Group B powders still have a fairly low Ut, K was calculated for αp = 0.4. Predicted (Gs, U) trends are illustrated in Fig. 7. The increasing onset superficial gas velocity for particles of increasing diameter, is due to their increasing respective terminal velocity. For group D powders, the UBFB transport should be possible but their high Ut even at low K will necessitate very high operating U, with excessive attrition and tube erosion as a consequence41.

Figure 7
figure 7

Predicted conveying flux versus air flow rate for cristobalite, ρp = 2340 kg/m3, ψ = 0.67, αp = 0.38, L = 2 m, ΔP = 19200 Pa.

The effect of the tube length, L, is illustrated in Fig. 8. Tube lengths ≥3m will be applied in the particle-in-tube solar receivers and Gs-values of 50 to 150 kg/m²s will hence only be achieved by applying a high external pressure and/or a higher superficial velocity.

Figure 8
figure 8

Effect of L at constant externally exerted pressure, UBFB, cristobalite, ρp = 2340 kg/m3, ψ = 0.67, αp = 0.38, Tube length, L, in m.

At a fixed externally exerted pressure, an increasing superficial gas velocity enhances the solid upward flux. For the calculations, the exerted pressure was set at 10% above the hydrostatic pressure drop of the fluidized bed for a given tube length, i.e. ΔP = 1.1 αp ρp gL (e.g. 48800 Pa for a 5 m long tube, or 9760 Pa for a 1 m long tube).
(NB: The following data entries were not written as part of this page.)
(* For every collection $A$, the set of pure Nash equilibrium outcomes of the game $\Gamma_{\mathcal{CUDD}}(A)$ is exactly $AG(A)\cup DIS(A)$, where $$AG(A)=\Big\{a\in A:\ a_i\ge\tfrac{\overline{m}_i+\underline{m}_i}{2}\text{ for } i=1,2\Big\},\qquad DIS(A)=\Big\{\tfrac{b+c}{2}:\ b\in A^1_{max},\ c\in A^2_{max}\Big\}.$$
   Context: Two players bargain over a collection (multiset) $A=(a^k)_{k\in[n]}$, $a^k=(a^k_1,a^k_2)\in[0,1]^2$, $a^k_i$ being player $i$'s utility; players are risk neutral and the outcome of a profile is the vector of expected utilities. Mechanism $\mathcal{CUDD}$ (coordination with uniform dictatorial disagreement): each player $i$ submits a pair $(g_i,d_i)\in[n]^2$; if $g_1=g_2$ the chosen index is $g_1$, otherwise the index is uniform over $\{d_1,d_2\}$ (i.e., each of $d_1,d_2$ with probability $1/2$, so $d_1$ with probability 1 if $d_1=d_2$). $\overline{m}_i=\max_k a^k_i$, $\underline{m}_i=\min_k a^k_i$, and $A^i_{max}=\{a^k\in A: a^k_i=\overline{m}_i\}$. *)

theory Defs
  imports Complex_Main
begin

text \<open>A collection A = (a^k)_{k in [n]} is a function a :: nat => real * real on the
  index set [n] = {1..n}; fst (a k) / snd (a k) are the utilities of players 1 / 2.
  A strategy of a player is a pair (g, d) in [n] x [n].\<close>

definition util :: "(nat \<Rightarrow> real \<times> real) \<Rightarrow> nat \<Rightarrow> nat \<Rightarrow> real" where
  "util a i k = (if i = 1 then fst (a k) else snd (a k))"

definition strategies :: "nat \<Rightarrow> (nat \<times> nat) set" where
  "strategies n = {1..n} \<times> {1..n}"

text \<open>Expected utility of player i under CUDD when player 1 plays s1=(g1,d1) and
  player 2 plays s2=(g2,d2): if g1 = g2 the index g1 is chosen, otherwise the index is
  uniform over d1, d2 (each with probability 1/2).\<close>
definition cudd_payoff ::
  "(nat \<Rightarrow> real \<times> real) \<Rightarrow> nat \<Rightarrow> nat \<times> nat \<Rightarrow> nat \<times> nat \<Rightarrow> real" where
  "cudd_payoff a i s1 s2 =
     (if fst s1 = fst s2 then util a i (fst s1)
      else (util a i (snd s1) + util a i (snd s2)) / 2)"

definition cudd_outcome ::
  "(nat \<Rightarrow> real \<times> real) \<Rightarrow> nat \<times> nat \<Rightarrow> nat \<times> nat \<Rightarrow> real \<times> real" where
  "cudd_outcome a s1 s2 = (cudd_payoff a 1 s1 s2, cudd_payoff a 2 s1 s2)"

definition cudd_nash :: "(nat \<Rightarrow> real \<times> real) \<Rightarrow> nat \<Rightarrow> nat \<times> nat \<Rightarrow> nat \<times> nat \<Rightarrow> bool" where
  "cudd_nash a n s1 s2 \<longleftrightarrow>
     s1 \<in> strategies n \<and> s2 \<in> strategies n \<and>
     (\<forall>t \<in> strategies n. cudd_payoff a 1 t s2 \<le> cudd_payoff a 1 s1 s2) \<and>
     (\<forall>t \<in> strategies n. cudd_payoff a 2 s1 t \<le> cudd_payoff a 2 s1 s2)"

definition max_util :: "(nat \<Rightarrow> real \<times> real) \<Rightarrow> nat \<Rightarrow> nat \<Rightarrow> real" where
  "max_util a n i = Max (util a i ` {1..n})"

definition min_util :: "(nat \<Rightarrow> real \<times> real) \<Rightarrow> nat \<Rightarrow> nat \<Rightarrow> real" where
  "min_util a n i = Min (util a i ` {1..n})"

definition AG :: "(nat \<Rightarrow> real \<times> real) \<Rightarrow> nat \<Rightarrow> (real \<times> real) set" where
  "AG a n = {a k | k. k \<in> {1..n} \<and>
      (\<forall>i \<in> {1, 2}. util a i k \<ge> (max_util a n i + min_util a n i) / 2)}"

definition DIS :: "(nat \<Rightarrow> real \<times> real) \<Rightarrow> nat \<Rightarrow> (real \<times> real) set" where
  "DIS a n = {((fst (a b) + fst (a c)) / 2, (snd (a b) + snd (a c)) / 2) | b c.
      b \<in> {1..n} \<and> c \<in> {1..n} \<and>
      util a 1 b = max_util a n 1 \<and> util a 2 c = max_util a n 2}"

end

theory Submission
  imports Defs
begin

text \<open>If the players coordinate on an index g, either can break coordination and
  pin down half of the outcome at his favourite alternative, so g survives only if it gives
  each player at least the average of his best and worst utilities; conversely, playing the
  worst alternative of the opponent as disagreement point makes every such g an equilibrium.
  If coordination fails, each player controls one half of the lottery and puts it on a best
  alternative, which yields exactly the points of DIS; naming one's own best alternative as
  both proposal and disagreement point (with distinct proposals) enforces them.\<close>

lemma cudd_payoff_agree [simp]: "cudd_payoff a i (g, d1) (g, d2) = util a i g"
  by (simp add: cudd_payoff_def)

lemma cudd_payoff_disagree [simp]:
  "g1 \<noteq> g2 \<Longrightarrow> cudd_payoff a i (g1, d1) (g2, d2) = (util a i d1 + util a i d2) / 2"
  by (simp add: cudd_payoff_def)

lemma util_le_max_util: "k \<in> {1..n} \<Longrightarrow> util a i k \<le> max_util a n i"
  unfolding max_util_def by (rule Max_ge) auto

lemma min_util_le_util: "k \<in> {1..n} \<Longrightarrow> min_util a n i \<le> util a i k"
  unfolding min_util_def by (rule Min_le) auto

lemma max_util_attained:
  assumes "n \<ge> 1"
  obtains k where "k \<in> {1..n}" "util a i k = max_util a n i"
proof -
  have "max_util a n i \<in> util a i ` {1..n}"
    unfolding max_util_def using assms by (intro Max_in) auto
  then show ?thesis using that by force
qed

lemma min_util_attained:
  assumes "n \<ge> 1"
  obtains k where "k \<in> {1..n}" "util a i k = min_util a n i"
proof -
  have "min_util a n i \<in> util a i ` {1..n}"
    unfolding min_util_def using assms by (intro Min_in) auto
  then show ?thesis using that by force
qed

lemma max_min_util_singleton: "max_util a 1 i = util a i 1" "min_util a 1 i = util a i 1"
  unfolding max_util_def min_util_def by auto

lemma cudd_nashI:
  assumes "s1 \<in> strategies n" "s2 \<in> strategies n"
    and "\<And>g d. g \<in> {1..n} \<Longrightarrow> d \<in> {1..n} \<Longrightarrow> cudd_payoff a 1 (g, d) s2 \<le> cudd_payoff a 1 s1 s2"
    and "\<And>g d. g \<in> {1..n} \<Longrightarrow> d \<in> {1..n} \<Longrightarrow> cudd_payoff a 2 s1 (g, d) \<le> cudd_payoff a 2 s1 s2"
  shows "cudd_nash a n s1 s2"
  using assms unfolding cudd_nash_def strategies_def by auto

lemma cudd_nashD:
  assumes "cudd_nash a n s1 s2" "g \<in> {1..n}" "d \<in> {1..n}"
  shows "cudd_payoff a 1 (g, d) s2 \<le> cudd_payoff a 1 s1 s2"
    and "cudd_payoff a 2 s1 (g, d) \<le> cudd_payoff a 2 s1 s2"
  using assms unfolding cudd_nash_def strategies_def by auto

lemma cudd_nash_agree_in_AG:
  assumes nash: "cudd_nash a n (g, d1) (g, d2)"
  shows "a g \<in> AG a n"
proof -
  have g: "g \<in> {1..n}" and d: "d1 \<in> {1..n}" "d2 \<in> {1..n}"
    using nash by (auto simp: cudd_nash_def strategies_def)
  have "(max_util a n i + min_util a n i) / 2 \<le> util a i g" if i: "i \<in> {1, 2}" for i
  proof (cases "n = 1")
    case True
    then have "g = 1" using g by simp
    then show ?thesis using True max_min_util_singleton[of a i] by simp
  next
    case False
    define g' where "g' = (if g = 1 then 2 else (1::nat))"
    have g': "g' \<in> {1..n}" "g' \<noteq> g"
      using False g by (auto simp: g'_def)
    obtain j where j: "j \<in> {1..n}" "util a i j = max_util a n i"
      using g max_util_attained[of n a i] by auto
    \<comment> \<open>deviate to a different proposal, with a best alternative as disagreement point\<close>
    have "\<exists>d \<in> {1..n}. (max_util a n i + util a i d) / 2 \<le> util a i g"
    proof (cases "i = 1")
      case True
      from cudd_nashD(1)[OF nash g'(1) j(1)] show ?thesis using True g' j d by auto
    next
      case False
      from cudd_nashD(2)[OF nash g'(1) j(1)] show ?thesis using False i g' j d
        by (auto simp: add.commute)
    qed
    then show ?thesis using min_util_le_util[of _ n a i] by fastforce
  qed
  then show ?thesis unfolding AG_def using g by blast
qed

lemma cudd_nash_disagree_in_DIS:
  assumes nash: "cudd_nash a n (g1, d1) (g2, d2)" and "g1 \<noteq> g2"
  shows "cudd_outcome a (g1, d1) (g2, d2) \<in> DIS a n"
proof -
  have g: "g1 \<in> {1..n}" "g2 \<in> {1..n}" and d: "d1 \<in> {1..n}" "d2 \<in> {1..n}"
    using nash by (auto simp: cudd_nash_def strategies_def)
  then have "n \<ge> 1" by simp
  then obtain j1 j2 where j: "j1 \<in> {1..n}" "util a 1 j1 = max_util a n 1"
    "j2 \<in> {1..n}" "util a 2 j2 = max_util a n 2"
    by (metis max_util_attained)
  from cudd_nashD(1)[OF nash g(1) j(1)] have "util a 1 d1 = max_util a n 1"
    using \<open>g1 \<noteq> g2\<close> j util_le_max_util[OF d(1), of a 1] by simp
  moreover from cudd_nashD(2)[OF nash g(2) j(3)] have "util a 2 d2 = max_util a n 2"
    using \<open>g1 \<noteq> g2\<close> j util_le_max_util[OF d(2), of a 2] by simp
  moreover have "cudd_outcome a (g1, d1) (g2, d2) =
      ((fst (a d1) + fst (a d2)) / 2, (snd (a d1) + snd (a d2)) / 2)"
    using \<open>g1 \<noteq> g2\<close> by (simp add: cudd_outcome_def util_def)
  ultimately show ?thesis unfolding DIS_def using d by blast
qed

lemma cudd_nash_outcome_in_AG_Un_DIS:
  assumes "cudd_nash a n s1 s2"
  shows "cudd_outcome a s1 s2 \<in> AG a n \<union> DIS a n"
proof -
  obtain g1 d1 g2 d2 where s: "s1 = (g1, d1)" "s2 = (g2, d2)" by fastforce
  show ?thesis
  proof (cases "g1 = g2")
    case True
    then have "cudd_outcome a s1 s2 = a g1" by (simp add: s cudd_outcome_def util_def)
    then show ?thesis using cudd_nash_agree_in_AG assms True s by auto
  next
    case False
    then show ?thesis using cudd_nash_disagree_in_DIS assms s by auto
  qed
qed

lemma AG_subset_cudd_nash_outcomes:
  assumes "x \<in> AG a n"
  shows "\<exists>s1 s2. x = cudd_outcome a s1 s2 \<and> cudd_nash a n s1 s2"
proof -
  obtain k where x: "x = a k" and k: "k \<in> {1..n}"
    and above: "\<And>i. i \<in> {1, 2} \<Longrightarrow> (max_util a n i + min_util a n i) / 2 \<le> util a i k"
    using assms unfolding AG_def by blast
  then have "n \<ge> 1" by simp
  then obtain j1 j2 where j: "j1 \<in> {1..n}" "util a 1 j1 = min_util a n 1"
    "j2 \<in> {1..n}" "util a 2 j2 = min_util a n 2"
    by (metis min_util_attained)
  \<comment> \<open>each player's disagreement point is the opponent's worst alternative\<close>
  have "cudd_nash a n (k, j2) (k, j1)"
  proof (rule cudd_nashI)
    fix g d assume "d \<in> {1..n}"
    then show "cudd_payoff a 1 (g, d) (k, j1) \<le> cudd_payoff a 1 (k, j2) (k, j1)"
      using util_le_max_util[of d n a 1] above[of 1] j by (auto simp: cudd_payoff_def)
  next
    fix g d assume "d \<in> {1..n}"
    then show "cudd_payoff a 2 (k, j2) (g, d) \<le> cudd_payoff a 2 (k, j2) (k, j1)"
      using util_le_max_util[of d n a 2] above[of 2] j by (auto simp: cudd_payoff_def)
  qed (use k j in \<open>auto simp: strategies_def\<close>)
  moreover have "x = cudd_outcome a (k, j2) (k, j1)"
    by (simp add: x cudd_outcome_def util_def)
  ultimately show ?thesis by blast
qed

lemma DIS_subset_cudd_nash_outcomes:
  assumes "x \<in> DIS a n"
  shows "\<exists>s1 s2. x = cudd_outcome a s1 s2 \<and> cudd_nash a n s1 s2"
proof -
  obtain b c where x: "x = ((fst (a b) + fst (a c)) / 2, (snd (a b) + snd (a c)) / 2)"
    and bc: "b \<in> {1..n}" "c \<in> {1..n}"
    and best: "util a 1 b = max_util a n 1" "util a 2 c = max_util a n 2"
    using assms unfolding DIS_def by blast
  show ?thesis
  proof (cases "b = c")
    case True
    have "\<forall>i \<in> {1, 2}. (max_util a n i + min_util a n i) / 2 \<le> util a i b"
      using best True min_util_le_util[OF bc(1), of a 1] min_util_le_util[OF bc(1), of a 2]
      by auto
    then have "a b \<in> AG a n" using bc unfolding AG_def by blast
    moreover have "x = a b" using True x by (simp add: prod_eq_iff)
    ultimately show ?thesis using AG_subset_cudd_nash_outcomes by blast
  next
    case False
    have "cudd_nash a n (b, b) (c, c)"
    proof (rule cudd_nashI)
      fix g d assume "d \<in> {1..n}"
      then show "cudd_payoff a 1 (g, d) (c, c) \<le> cudd_payoff a 1 (b, b) (c, c)"
        using util_le_max_util[of _ n a 1] bc best False by (auto simp: cudd_payoff_def)
    next
      fix g d assume "d \<in> {1..n}"
      then show "cudd_payoff a 2 (b, b) (g, d) \<le> cudd_payoff a 2 (b, b) (c, c)"
        using util_le_max_util[of _ n a 2] bc best False by (auto simp: cudd_payoff_def)
    qed (use bc in \<open>auto simp: strategies_def\<close>)
    moreover have "x = cudd_outcome a (b, b) (c, c)"
      using False by (simp add: x cudd_outcome_def util_def)
    ultimately show ?thesis by blast
  qed
qed

theorem proposition5:
  fixes a :: "nat \<Rightarrow> real \<times> real" and n :: nat
  assumes "n \<ge> 1"
    and "\<forall>k \<in> {1..n}. fst (a k) \<in> {0..1} \<and> snd (a k) \<in> {0..1}"
  shows "{cudd_outcome a s1 s2 | s1 s2. cudd_nash a n s1 s2} = AG a n \<union> DIS a n"
  using cudd_nash_outcome_in_AG_Un_DIS AG_subset_cudd_nash_outcomes
    DIS_subset_cudd_nash_outcomes
  by blast

end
Finally, the model equations were tentatively applied to common CFB operation modes. This tentative prediction is not directly related to ongoing solar receiver development, but illustrates the potential use of the design equations for CFB operation, as shown in Fig. 9. Values of Gs versus U are in-line with normally predicted Gs-U relationships42.

Figure 9
figure 9

(Gs, U) trend in a CFB, for cristobalite, ρp = 2340 kg/m3, ψ = 0.67, αp = 0.38.

Conclusions

The upward flow of particles in an Upflow Bubbling Fluidized Bed (UBFB) is studied experimentally for group A powders. For such, the upward solid flux in the tube is proportional with both the applied superficial gas flow rate and the pressure drop exerted at the base of the conveyor tube, and inversely proportional with the tube length. Results are modelled from pressure drop considerations and energy loss equations. The model expression \({G}_{s}=\tfrac{({\rm{\Delta }}P)}{({U}_{g}-K{U}_{t})+\tfrac{({K}^{2}gL)}{({U}_{g}-K{U}_{t})}}\) can be used for design purposes, with K, the correction factor for hindered settling of the particles, equal to 0.1 for the group A powders tested. The energy efficiency of the system increases with increasing U and Gs, and decreasing particle size and/or density. For SiC and cristobalite, the air velocity required to transport up to 100 kg/m²s of powder was below 0.15 m/s at an inlet pressure slightly exceeding the hydrostatic bed pressure. The model equation was tentatively applied to predict the effects of particle size, tube length and operation in Circulating Fluidized Bed mode. Although predictions seem fair and in-line with expectations, the model expression should however be used with caution for other tube geometries and/or operating modes. It is however demonstrated that the UBFB is an efficient and flexible way of transporting particles upwards, with limited particle attrition and tube erosion due to the low gas and solids velocities applied.